Re: ANA_EM has no covariance matrix

Posted: 17 Mar 2025, 20:43
by johnathan
stephanehess wrote: 13 Aug 2024, 17:15 Hi

you need to put Q into apollo_inputs after the line

Code: Select all

apollo_inputs = apollo_validateInputs()
using

Code: Select all

apollo_inputs$Q = Q
and then everywhere else in apollo_lcPars and apollo_probabilities, you need to replace Q by apollo_inputs$Q

Stephane
Hi Stephane,

This recommendation addressed an issue I was encountering when trying to develop a script to estimate an LCL with a variable number of classes & pass the parameter n_classes to write variables dynamically for each LCL class. However, I now encounter an issue with lcpars during initialization, which needs to access apollo_inputs$n_classes, which is not defined until after apollo_validateInputs().

Alternatively, it was working when I assigned database$n_classes, but I don't think that makes sense to do for a parameter & gave the warning "Warning: numerical expression has 11010 elements: only the first usedWarning: numerical expression has 11010 elements: only the first used".

Overall, I am trying to set up code to be able to run over a range of LCL classes.
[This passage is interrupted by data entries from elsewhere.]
(* A continuous function $f:[0,1]\to\mathbb{R}$ is of bounded variation if and only if $f=g+h$ for some continuous functions $g,h:[0,1]\to\mathbb{R}$ whose graphs are $1$-monotone.
   Context: A metric space $(X,d)$ is $c$-monotone ($c>0$) if there is a linear order $<$ on $X$ such that $d(x,y)\le c\,d(x,z)$ whenever $x<y<z$ in $X$. The graph of $g$ is $\{(x,g(x)):x\in[0,1]\}\subseteq\mathbb{R}^2$ with the Euclidean metric. *)

theory Defs
  imports "HOL-Analysis.Analysis"
begin

definition c_monotone :: "real \<Rightarrow> 'a::metric_space set \<Rightarrow> bool" where
  "c_monotone c S \<longleftrightarrow> c > 0 \<and> (\<exists>R. linear_order_on S R \<and>
     (\<forall>x\<in>S. \<forall>y\<in>S. \<forall>z\<in>S. (x,y) \<in> R \<and> x \<noteq> y \<and> (y,z) \<in> R \<and> y \<noteq> z
        \<longrightarrow> dist x y \<le> c * dist x z))"

text \<open>Graph of g over [0,1], as a subset of the Euclidean plane (real \<times> real carries
the Euclidean metric).\<close>
definition graph01 :: "(real \<Rightarrow> real) \<Rightarrow> (real \<times> real) set" where
  "graph01 g = (\<lambda>x. (x, g x)) ` {0..1}"

definition bounded_variation01 :: "(real \<Rightarrow> real) \<Rightarrow> bool" where
  "bounded_variation01 f \<longleftrightarrow> (\<exists>M. \<forall>(n::nat) (t::nat \<Rightarrow> real).
     t 0 = 0 \<and> t n = 1 \<and> (\<forall>i<n. t i \<le> t (Suc i)) \<longrightarrow>
     (\<Sum>i<n. \<bar>f (t (Suc i)) - f (t i)\<bar>) \<le> M)"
How can I define n_classes in a way that it can be passed to apollo_lcPars & apollo_probabilities?

Thank you for your assistance & for developing Apollo.

You can find my code, output, & the error below:

# Initialize Apollo
apollo_initialise()

# Set up core control parameters
apollo_control <- list(
modelName = "LCL_CarChoice_Full",
modelDescr = "Latent Class Logit Model for Car Choice",
indivID = "ID",
panelData = TRUE,
nCores = 8,
mixing = FALSE, # No mixing in LCL
weights = 'Weight2018',
outputDirectory = "output/"
)

# Assign the dataframe to 'database'
database <- cbc_short_car_df

# Number of classes (to be changed dynamically)
n_classes <- 2

# Initialize the parameters list for each class
apollo_beta <- c()

# Loop to define parameters for each class
for (i in 1:n_classes) {
# Defining parameters for each class (b_price, b_acceleration, etc.)
apollo_beta <- c(apollo_beta,
setNames(i*-.1, paste0("b_price_", i)),
setNames(0, paste0("b_acceleration_", i)),
setNames(0, paste0("b_opcost_", i)),
setNames(0, paste0("b_bev_", i)),
setNames(0, paste0("b_bevRangeRel_", i)),
setNames(0, paste0("b_phev20_", i)),
setNames(0, paste0("b_phev40_", i)),
setNames(0, paste0("b_hev_", i)),
setNames(0, paste0("class_intercept_", i))
)
}

# Fixed parameters
apollo_fixed <- c("class_intercept_1")

apollo_lcPars <- function(apollo_beta, apollo_inputs){
lcpars = list()
# Loop to define the class-specific parameters for vehicle choice
print("Print value for 'apollo_inputs$n_classes':")
print(apollo_inputs$n_classes)
n <- apollo_inputs$n_classes
for (i in 1:n) {
lcpars[['b_price']][] <- get(paste0('b_price_', i))
lcpars[['b_acceleration']][] <- get(paste0('b_acceleration_', i))
lcpars[['b_opcost']][] <- get(paste0('b_opcost_', i))
lcpars[['b_bev']][] <- get(paste0('b_bev_', i))
lcpars[['b_bevRangeRel']][] <- get(paste0('b_bevRangeRel_', i))
lcpars[['b_phev20']][] <- get(paste0('b_phev20_', i))
lcpars[['b_phev40']][] <- get(paste0('b_phev40_', i))
lcpars[['b_hev']][] <- get(paste0('b_hev_', i))
# Parameters for the probability of class membership
lcpars[['class_intercept']][] <- get(paste0('class_intercept_', i))
}

# Define utilities for class allocation model (for class membership probability)
V = list()

# Class allocation
class_arg <- c()
for (j in 1:n) {
V[[paste0('class_', j)]] <- 0
V[[paste0('class_', j)]] <- V[[paste0('class_', j)]] + get(paste0('class_intercept_', j))
class_arg[paste0('class_', j)] <- j
}

# Settings for the class allocation model
classAlloc_settings = list(
classes = class_arg, # Dynamic class names
utilities = V
)

# Compute the class probabilities (pi_values)
lcpars[["pi_values"]] = apollo_classAlloc(classAlloc_settings)

return(lcpars)
}

# Validate inputs
apollo_inputs <- apollo_validateInputs()
apollo_inputs$n_classes <- n_classes

# Define probabilities function for LCL with 2 classes
apollo_probabilities <- function(apollo_beta, apollo_inputs, functionality="estimate"){

# Attach inputs and detach after function exit
apollo_attach(apollo_beta, apollo_inputs)
on.exit(apollo_detach(apollo_beta, apollo_inputs))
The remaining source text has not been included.